Available data Start Marker

(* Let $X_1,\dots,X_n$ be arbitrary (possibly dependent) random variables with values in $[0,1]$, let $m\ge 2$ be an integer and $p\in[0,1]$ such that $\mathbb{E}\prod_{i\in A}X_i\le p^{|A|}$ for every $A\subseteq[n]$ with $|A|\le m$. If $m\le np$, then $$\mathbb{E}\Big(\sum_{i=1}^n X_i\Big)^m\le(2e^2np)^m,$$ and consequently $\Pr\big(\sum_i X_i\ge\alpha np\big)\le\big(\frac{2e^2}{\alpha}\big)^m$ for every $\alpha>0$. *)

theory Defs
  imports "HOL-Probability.Probability"
begin

end

theory Submission
  imports Defs
begin

text \<open>
  Expand (\<Sum>i. X i)^m as a sum over all maps f from {..<m} to the index set. Since
  0 \<le> X i \<le> 1, the term of f is at most E (\<Prod>i \<in> f ` {..<m}. X i) \<le> p^|f ` {..<m}|.
  At most k^m maps have a given image of size k, so the m-th moment is at most
  \<Sum>k\<le>m. (n choose k) k^m p^k. Each summand is at most (e n p)^m, because
  (n choose k) p^k \<le> (n p)^k / k!, k^k / k! \<le> e^k and k \<le> m \<le> n p; the m + 1 \<le> 2^m
  summands give (2 e n p)^m. Markov's inequality for the m-th moment yields the tail bound.
\<close>

lemma power_sum_eq_sum_PiE:
  fixes a :: "'a \<Rightarrow> 'b::comm_semiring_1"
  assumes "finite I"
  shows "(\<Sum>i\<in>I. a i) ^ m = (\<Sum>f\<in>PiE {..<m} (\<lambda>_. I). \<Prod>j<m. a (f j))"
  using prod_sum_PiE[of "{..<m}" "\<lambda>_. I" "\<lambda>_. a"] assms by simp

lemma prod_comp_le_prod_image:
  fixes a :: "'b \<Rightarrow> real" and f :: "'a \<Rightarrow> 'b"
  assumes "finite J" and a01: "\<And>i. i \<in> f ` J \<Longrightarrow> 0 \<le> a i \<and> a i \<le> 1"
  shows "(\<Prod>j\<in>J. a (f j)) \<le> (\<Prod>i\<in>f ` J. a i)"
proof -
  have "(\<Prod>j\<in>J. a (f j)) = (\<Prod>i\<in>f ` J. a i ^ card {j\<in>J. f j = i})"
    using prod.group[OF assms(1) finite_imageI[OF assms(1)] subset_refl,
        where g=f and h="\<lambda>j. a (f j)"]
    by simp
  also have "\<dots> \<le> (\<Prod>i\<in>f ` J. a i)"
  proof (intro prod_mono conjI)
    fix i assume i: "i \<in> f ` J"
    then have "card {j\<in>J. f j = i} \<ge> 1"
      using assms(1) by (auto simp: Suc_le_eq card_gt_0_iff)
    then show "a i ^ card {j\<in>J. f j = i} \<le> a i"
      using power_decreasing[of 1 _ "a i"] a01[OF i] by simp
  qed (use a01 in simp)
  finally show ?thesis .
qed

lemma sum_PiE_power_card_image_le:
  fixes p :: real
  assumes "finite I" and "0 \<le> p"
  shows "(\<Sum>f\<in>PiE {..<m} (\<lambda>_. I). p ^ card (f ` {..<m}))
     \<le> (\<Sum>k=0..m. real (card I choose k) * real k ^ m * p ^ k)"
proof -
  let ?P = "PiE {..<m} (\<lambda>_. I)"
  let ?T = "{B. B \<subseteq> I \<and> card B \<le> m}"
  have fT: "finite ?T" by (rule finite_subset[of _ "Pow I"]) (auto simp: assms(1))
  have fP: "finite ?P" using assms(1) by (simp add: finite_PiE)
  have img: "(\<lambda>f. f ` {..<m}) ` ?P \<subseteq> ?T"
    using card_image_le[of "{..<m}"] by auto
  have "(\<Sum>f\<in>?P. p ^ card (f ` {..<m}))
      = (\<Sum>B\<in>?T. \<Sum>f\<in>{f \<in> ?P. f ` {..<m} = B}. p ^ card (f ` {..<m}))"
    by (rule sum.group[symmetric, OF fP fT img])
  also have "\<dots> \<le> (\<Sum>B\<in>?T. real (card B) ^ m * p ^ card B)"
  proof (rule sum_mono)
    fix B assume B: "B \<in> ?T"
    have "finite B" using B assms(1) finite_subset by auto
    have "{f \<in> ?P. f ` {..<m} = B} \<subseteq> PiE {..<m} (\<lambda>_. B)"
      by auto
    then have "card {f \<in> ?P. f ` {..<m} = B} \<le> card (PiE {..<m} (\<lambda>_. B))"
      using \<open>finite B\<close> by (intro card_mono) (auto simp: finite_PiE)
    also have "\<dots> = card B ^ m"
      using \<open>finite B\<close> by (simp add: card_PiE)
    finally have "card {f \<in> ?P. f ` {..<m} = B} \<le> card B ^ m" .
    then show "(\<Sum>f\<in>{f \<in> ?P. f ` {..<m} = B}. p ^ card (f ` {..<m})) \<le> real (card B) ^ m * p ^ card B"
      using assms(2) by (simp add: mult_right_mono flip: of_nat_power)
  qed
  also have "\<dots> = (\<Sum>k=0..m. \<Sum>B\<in>{B \<in> ?T. card B = k}. real (card B) ^ m * p ^ card B)"
    by (rule sum.group[symmetric, OF fT]) auto
  also have "\<dots> = (\<Sum>k=0..m. real (card I choose k) * real k ^ m * p ^ k)"
  proof (rule sum.cong[OF refl])
    fix k assume "k \<in> {0..m}"
    then have "{B \<in> ?T. card B = k} = {B. B \<subseteq> I \<and> card B = k}" by auto
    then show "(\<Sum>B\<in>{B \<in> ?T. card B = k}. real (card B) ^ m * p ^ card B)
        = real (card I choose k) * real k ^ m * p ^ k"
      using n_subsets[OF assms(1), of k] by simp
  qed
  finally show ?thesis .
qed

lemma pow_div_fact_le_exp:
  fixes x :: real
  assumes "0 \<le> x"
  shows "x ^ k / fact k \<le> exp x"
proof -
  have "(\<lambda>n. x ^ n /\<^sub>R fact n) sums exp x" by (rule exp_converges)
  moreover have "(\<Sum>n\<in>{k}. x ^ n /\<^sub>R fact n) \<le> (\<Sum>n. x ^ n /\<^sub>R fact n)"
    by (rule sum_le_suminf) (use calculation assms in \<open>auto simp: sums_iff\<close>)
  ultimately show ?thesis by (simp add: sums_iff divide_inverse mult.commute)
qed

lemma choose_mult_power_le:
  fixes p :: real
  assumes "0 \<le> p" and "real m \<le> real n * p" and "k \<le> m" and "1 \<le> m"
  shows "real (n choose k) * real k ^ m * p ^ k \<le> (exp 1 * (real n * p)) ^ m"
proof (cases "k = 0")
  case True
  then show ?thesis using assms(1,4) by (simp add: zero_power)
next
  case False
  define q where "q = real n * p"
  have "q \<ge> 0" using assms(1) by (simp add: q_def)
  have "real (n choose k) * fact k \<le> real n ^ k"
    using binomial_fact_pow[of n k] by (metis of_nat_fact of_nat_le_iff of_nat_mult of_nat_power)
  then have "real (n choose k) * fact k * p ^ k \<le> real n ^ k * p ^ k"
    using assms(1) by (intro mult_right_mono) auto
  then have "real (n choose k) * p ^ k * fact k \<le> real n ^ k * p ^ k"
    by (simp add: mult_ac)
  then have choose_le: "real (n choose k) * p ^ k \<le> q ^ k / fact k"
    by (simp add: q_def field_simps power_mult_distrib)
  have "real k ^ (m - k) \<le> q ^ (m - k)"
    using assms(2,3) by (intro power_mono) (auto simp: q_def)
  have "real (n choose k) * real k ^ m * p ^ k
      = (real (n choose k) * p ^ k) * real k ^ k * real k ^ (m - k)"
    using assms(3) by (simp add: mult_ac flip: power_add)
  also have "\<dots> \<le> (q ^ k / fact k) * real k ^ k * q ^ (m - k)"
    using choose_le \<open>real k ^ (m - k) \<le> q ^ (m - k)\<close> \<open>q \<ge> 0\<close> by (intro mult_mono) auto
  also have "\<dots> = q ^ m * (real k ^ k / fact k)"
    using assms(3) by (simp add: field_simps flip: power_add)
  also have "\<dots> \<le> q ^ m * exp (real k)"
    using pow_div_fact_le_exp[of "real k" k] \<open>q \<ge> 0\<close> by (intro mult_left_mono) auto
  also have "\<dots> \<le> q ^ m * exp 1 ^ m"
    using assms(3) \<open>q \<ge> 0\<close> by (intro mult_left_mono) (auto simp flip: exp_of_nat_mult)
  finally show ?thesis by (simp add: q_def power_mult_distrib mult_ac)
qed

lemma sum_choose_mult_power_le:
  fixes p :: real
  assumes "0 \<le> p" and "real m \<le> real n * p" and "1 \<le> m"
  shows "(\<Sum>k=0..m. real (n choose k) * real k ^ m * p ^ k) \<le> (2 * exp 1 * (real n * p)) ^ m"
proof -
  have "(\<Sum>k=0..m. real (n choose k) * real k ^ m * p ^ k) \<le> (\<Sum>k=0..m. (exp 1 * (real n * p)) ^ m)"
    by (intro sum_mono choose_mult_power_le assms) auto
  also have "\<dots> = real (m + 1) * (exp 1 * (real n * p)) ^ m"
    by simp
  also have "\<dots> \<le> 2 ^ m * (exp 1 * (real n * p)) ^ m"
  proof (rule mult_right_mono)
    have "m + 1 \<le> 2 ^ m" using Suc_leI[OF less_exp[of m]] by simp
    then show "real (m + 1) \<le> 2 ^ m" by (metis of_nat_le_iff of_nat_numeral of_nat_power)
  qed (use assms(1) in simp)
  finally show ?thesis by (simp add: power_mult_distrib mult_ac)
qed

context prob_space
begin

lemma integrable_prod_unit_interval:
  fixes Y :: "'b \<Rightarrow> 'a \<Rightarrow> real"
  assumes "\<And>j. j \<in> J \<Longrightarrow> Y j \<in> borel_measurable M"
    and "\<And>j x. j \<in> J \<Longrightarrow> x \<in> space M \<Longrightarrow> 0 \<le> Y j x \<and> Y j x \<le> 1"
  shows "integrable M (\<lambda>x. \<Prod>j\<in>J. Y j x)"
proof (rule integrable_const_bound[where B=1])
  show "AE x in M. norm (\<Prod>j\<in>J. Y j x) \<le> 1"
  proof (rule AE_I2)
    fix x assume "x \<in> space M"
    then have "0 \<le> (\<Prod>j\<in>J. Y j x)" and "(\<Prod>j\<in>J. Y j x) \<le> 1"
      using assms(2) by (auto intro: prod_nonneg prod_le_1)
    then show "norm (\<Prod>j\<in>J. Y j x) \<le> 1" by simp
  qed
qed (use assms(1) in measurable)

lemma integrable_power_sum_unit_interval:
  fixes X :: "'b \<Rightarrow> 'a \<Rightarrow> real"
  assumes "finite I" and "\<And>i. i \<in> I \<Longrightarrow> X i \<in> borel_measurable M"
    and "\<And>i x. i \<in> I \<Longrightarrow> x \<in> space M \<Longrightarrow> 0 \<le> X i x \<and> X i x \<le> 1"
  shows "integrable M (\<lambda>x. (\<Sum>i\<in>I. X i x) ^ m)"
proof -
  have "integrable M (\<lambda>x. \<Sum>f\<in>PiE {..<m} (\<lambda>_. I). \<Prod>j<m. X (f j) x)"
    using assms by (intro Bochner_Integration.integrable_sum integrable_prod_unit_interval)
      (auto simp: PiE_def Pi_def)
  then show ?thesis by (simp add: power_sum_eq_sum_PiE[OF assms(1)])
qed

lemma expectation_power_sum_le_sum_PiE:
  fixes X :: "'b \<Rightarrow> 'a \<Rightarrow> real"
  assumes "finite I" and "\<And>i. i \<in> I \<Longrightarrow> X i \<in> borel_measurable M"
    and "\<And>i x. i \<in> I \<Longrightarrow> x \<in> space M \<Longrightarrow> 0 \<le> X i x \<and> X i x \<le> 1"
    and moments: "\<And>A. A \<subseteq> I \<Longrightarrow> card A \<le> m \<Longrightarrow>
           expectation (\<lambda>x. \<Prod>i\<in>A. X i x) \<le> p ^ card A"
  shows "expectation (\<lambda>x. (\<Sum>i\<in>I. X i x) ^ m)
           \<le> (\<Sum>f\<in>PiE {..<m} (\<lambda>_. I). p ^ card (f ` {..<m}))"
proof -
  let ?P = "PiE {..<m} (\<lambda>_. I)"
  have range: "f ` {..<m} \<subseteq> I" if "f \<in> ?P" for f
    using that by auto
  have "expectation (\<lambda>x. (\<Sum>i\<in>I. X i x) ^ m)
      = (\<Sum>f\<in>?P. expectation (\<lambda>x. \<Prod>j<m. X (f j) x))"
    unfolding power_sum_eq_sum_PiE[OF assms(1)] using assms
    by (intro Bochner_Integration.integral_sum integrable_prod_unit_interval)
      (auto simp: PiE_def Pi_def)
  also have "\<dots> \<le> (\<Sum>f\<in>?P. p ^ card (f ` {..<m}))"
  proof (rule sum_mono)
    fix f assume f: "f \<in> ?P"
    have "expectation (\<lambda>x. \<Prod>j<m. X (f j) x) \<le> expectation (\<lambda>x. \<Prod>i\<in>f ` {..<m}. X i x)"
      using assms range[OF f]
      by (intro integral_mono integrable_prod_unit_interval prod_comp_le_prod_image) auto
    also have "\<dots> \<le> p ^ card (f ` {..<m})"
      using moments[OF range[OF f]] card_image_le[of "{..<m}" f] by simp
    finally show "expectation (\<lambda>x. \<Prod>j<m. X (f j) x) \<le> p ^ card (f ` {..<m})" .
  qed
  finally show ?thesis .
qed

lemma expectation_power_sum_le:
  fixes X :: "'b \<Rightarrow> 'a \<Rightarrow> real"
  assumes "finite I" and "\<And>i. i \<in> I \<Longrightarrow> X i \<in> borel_measurable M"
    and "\<And>i x. i \<in> I \<Longrightarrow> x \<in> space M \<Longrightarrow> 0 \<le> X i x \<and> X i x \<le> 1"
    and "\<And>A. A \<subseteq> I \<Longrightarrow> card A \<le> m \<Longrightarrow>
           expectation (\<lambda>x. \<Prod>i\<in>A. X i x) \<le> p ^ card A"
    and "0 \<le> p" and "1 \<le> m" and "real m \<le> real (card I) * p"
  shows "expectation (\<lambda>x. (\<Sum>i\<in>I. X i x) ^ m) \<le> (2 * exp 1 * (real (card I) * p)) ^ m"
proof -
  have "expectation (\<lambda>x. (\<Sum>i\<in>I. X i x) ^ m)
      \<le> (\<Sum>f\<in>PiE {..<m} (\<lambda>_. I). p ^ card (f ` {..<m}))"
    using assms(1-4) by (rule expectation_power_sum_le_sum_PiE)
  also have "\<dots> \<le> (\<Sum>k=0..m. real (card I choose k) * real k ^ m * p ^ k)"
    using assms(1,5) by (rule sum_PiE_power_card_image_le)
  also have "\<dots> \<le> (2 * exp 1 * (real (card I) * p)) ^ m"
    using assms(5,7,6) by (rule sum_choose_mult_power_le)
  finally show ?thesis .
qed

lemma prob_ge_le_moment:
  assumes "integrable M (\<lambda>x. S x ^ m)" and "\<And>x. x \<in> space M \<Longrightarrow> 0 \<le> S x" and "0 < t"
  shows "prob {x \<in> space M. t \<le> S x} \<le> expectation (\<lambda>x. S x ^ m) / t ^ m"
proof -
  have "prob {x \<in> space M. t \<le> S x} \<le> prob {x \<in> space M. t ^ m \<le> S x ^ m}"
    using assms(1,3) by (intro finite_measure_mono) (auto intro: power_mono)
  also have "\<dots> \<le> expectation (\<lambda>x. S x ^ m) / t ^ m"
    using assms by (intro integral_Markov_inequality_measure[where A="space M"]) auto
  finally show ?thesis .
qed

lemma prob_ge_mult_le_of_moment_le:
  assumes "integrable M (\<lambda>x. S x ^ m)" and "\<And>x. x \<in> space M \<Longrightarrow> 0 \<le> S x"
    and "expectation (\<lambda>x. S x ^ m) \<le> (C * q) ^ m" and "0 < q" and "0 < \<alpha>"
  shows "prob {x \<in> space M. \<alpha> * q \<le> S x} \<le> (C / \<alpha>) ^ m"
proof -
  have "prob {x \<in> space M. \<alpha> * q \<le> S x} \<le> expectation (\<lambda>x. S x ^ m) / (\<alpha> * q) ^ m"
    using assms(1,2,4,5) by (intro prob_ge_le_moment) auto
  also have "\<dots> \<le> (C * q) ^ m / (\<alpha> * q) ^ m"
    using assms(3-5) by (simp add: divide_right_mono)
  also have "\<dots> = (C / \<alpha>) ^ m"
    using assms(4) by (simp add: power_divide power_mult_distrib)
  finally show ?thesis .
qed

end

theorem mainTheorem6:
  fixes M :: "'a measure" and X :: "nat \<Rightarrow> 'a \<Rightarrow> real"
    and n m :: nat and p :: real
  assumes "prob_space M"
    and "\<And>i. i \<in> {1..n} \<Longrightarrow> X i \<in> borel_measurable M"
    and "\<And>i x. i \<in> {1..n} \<Longrightarrow> x \<in> space M \<Longrightarrow> 0 \<le> X i x \<and> X i x \<le> 1"
    and "m \<ge> 2" and "0 \<le> p" and "p \<le> 1"
    and "\<And>A. A \<subseteq> {1..n} \<Longrightarrow> card A \<le> m \<Longrightarrow>
           prob_space.expectation M (\<lambda>x. \<Prod>i\<in>A. X i x) \<le> p ^ card A"
    and "real m \<le> real n * p"
  shows "prob_space.expectation M (\<lambda>x. (\<Sum>i=1..n. X i x) ^ m) \<le> (2 * exp 2 * real n * p) ^ m
     \<and> (\<forall>\<alpha>>0. prob_space.prob M {x \<in> space M. (\<Sum>i=1..n. X i x) \<ge> \<alpha> * real n * p}
            \<le> (2 * exp 2 / \<alpha>) ^ m)"
proof -
  interpret prob_space M by fact
  let ?S = "\<lambda>x. \<Sum>i=1..n. X i x"
  have "expectation (\<lambda>x. ?S x ^ m) \<le> (2 * exp 1 * (real n * p)) ^ m"
    using expectation_power_sum_le[of "{1..n}" X m p] assms by simp
  also have "\<dots> \<le> (2 * exp 2 * (real n * p)) ^ m"
    using assms(5) by (intro power_mono mult_right_mono) auto
  finally have moment: "expectation (\<lambda>x. ?S x ^ m) \<le> (2 * exp 2 * (real n * p)) ^ m" .
  have "integrable M (\<lambda>x. ?S x ^ m)"
    by (rule integrable_power_sum_unit_interval) (use assms(2,3) in auto)
  moreover have "\<And>x. x \<in> space M \<Longrightarrow> 0 \<le> ?S x"
    using assms(3) by (auto intro: sum_nonneg)
  moreover have "real n * p > 0"
    using assms(4,8) by linarith
  ultimately have "prob {x \<in> space M. \<alpha> * (real n * p) \<le> ?S x} \<le> (2 * exp 2 / \<alpha>) ^ m"
    if "\<alpha> > 0" for \<alpha>
    using moment that by (intro prob_ge_mult_le_of_moment_le)
  with moment show ?thesis
    by (simp add: mult.assoc)
qed

end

Available data End Marker

(Task objective): Look above for the line containing "by (rule sum_le_suminf)". Output from there through the line containing "using assms(1) by (intro", exactly and inclusively.

(Task answer):
    by (rule sum_le_suminf) (use calculation assms in \<open>auto simp: sums_iff\<close>)
  ultimately show ?thesis by (simp add: sums_iff divide_inverse mult.commute)
qed

lemma choose_mult_power_le:
  fixes p :: real
  assumes "0 \<le> p" and "real m \<le> real n * p" and "k \<le> m" and "1 \<le> m"
  shows "real (n choose k) * real k ^ m * p ^ k \<le> (exp 1 * (real n * p)) ^ m"
proof (cases "k = 0")
  case True
  then show ?thesis using assms(1,4) by (simp add: zero_power)
next
  case False
  define q where "q = real n * p"
  have "q \<ge> 0" using assms(1) by (simp add: q_def)
  have "real (n choose k) * fact k \<le> real n ^ k"
    using binomial_fact_pow[of n k] by (metis of_nat_fact of_nat_le_iff of_nat_mult of_nat_power)
  then have "real (n choose k) * fact k * p ^ k \<le> real n ^ k * p ^ k"
    using assms(1) by (intro mult_right_mono) auto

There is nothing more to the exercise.